Two practical ways out:
Crop to a 2.8K 16:9 timeline — around 2800x1573. Good for DCP. Good enough for cinema. Lets you reframe horizontally a bit in post.
Edit in a 4K UHD timeline and scale up by 1.3x — Fill the frame. Lose a smidge of sharpness, sure. But on any high end camera with decent glass? The image still sings. In fact, that tiny bit of softness gives it a texture I love.
Neither is perfect. But both are workable if you want the glass.
So what’s the takeaway?
Hopefully there’s something useful here for all the operators, DPs, and directors out there. And a couple of nuggets for the few remaining Venice Mk1 shooters without an R7, trying to wrestle anamorphic into submission - it’s a stretch I know, I’m probably the only one.
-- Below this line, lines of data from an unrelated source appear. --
(* Let $M\ge4$. If a coarsely bottlenecked graph $G$ has a skeleton $G_{\lambda,k}$ such that $G_{(\lambda,k)_{(2,2)}}$ contains an $M$-fat $H$ minor, then $G_{\lambda,k}$ contains an $(M+\frac M2-2)$-fat $H$ minor.
   Context: All graphs are connected (and unbounded); $d$ is the graph metric. Sets $X,Y$ are $r$-disjoint if $d(a,b)>r$ for all $a\in X,b\in Y$; $X$ is $k$-connected if any two of its points are joined by a finite sequence in $X$ with consecutive distances $\le k$; $N_r(S)=\{y:d(s,y)<r\text{ for some }s\in S\}$. $G$ is $M$-fat $n$-bottlenecked if for any two connected $M$-disjoint subgraphs $X,Y$ there is $S\subset V(G)\setminus(V(X)\cup V(Y))$, $|S|=n$, such that every path from $X$ to $Y$ meets $N_M(S)$; coarsely bottlenecked means this holds for some $M,n$. $H$ is an $M$-fat minor of a graph $\Gamma$ if there are connected subgraphs $B_v$ ($v\in V(H)$) and paths $P_e$ ($e\in E(H)$), $P_e$ joining $B_u$ to $B_v$ for $e=uv$, any two of which are $M$-disjoint unless they correspond to an incident vertex–edge pair of $H$. Skeleton $\Gamma_{\lambda,k}$ of a connected graph $\Gamma$ (root $x_0$, scale $\lambda\ge1$, connectivity $k\ge1$): layers $A_{N,\lambda}=\{x: N\lambda<d(x,x_0)\le(N+1)\lambda\}$, $N\in\mathbb Z$; blocks are maximal $k$-connected subsets of layers; $\Gamma_{\lambda,k}$ has a vertex per block and an edge between two blocks iff an edge of $\Gamma$ joins them. $G_{(\lambda,k)_{(2,2)}}$ is the $(2,2)$-skeleton of the graph $G_{\lambda,k}$, rooted at the block containing the root of $G$. *)

theory Defs
  imports Main "HOL.Real"
begin

type_synonym 'a graph = "'a set \<times> ('a \<times> 'a) set"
But hopefully you can see the impact of choose your aspect ratio early. Before you shoot. Don’t wait until post to “find the frame.” By then, you’re working backwards. If you’re composing for 2.39 but delivering in 16:9/1.78:1, your beautiful wide compositions are going to get butchered - especially as it so easy for a stranger to reframe you work in post.
Think about what your story needs to feel like.
Is it intimate? Expansive? Cramped?
Does the environment matter? Or is it all about the face?
Whatever it is — commit. Do it in camera. Live and breathe in that frame.
Press your eye against that viewfinder and fall into that that world you and your team are fighting to bring into existence. Even if no one else notices the decision, they’ll feel the difference.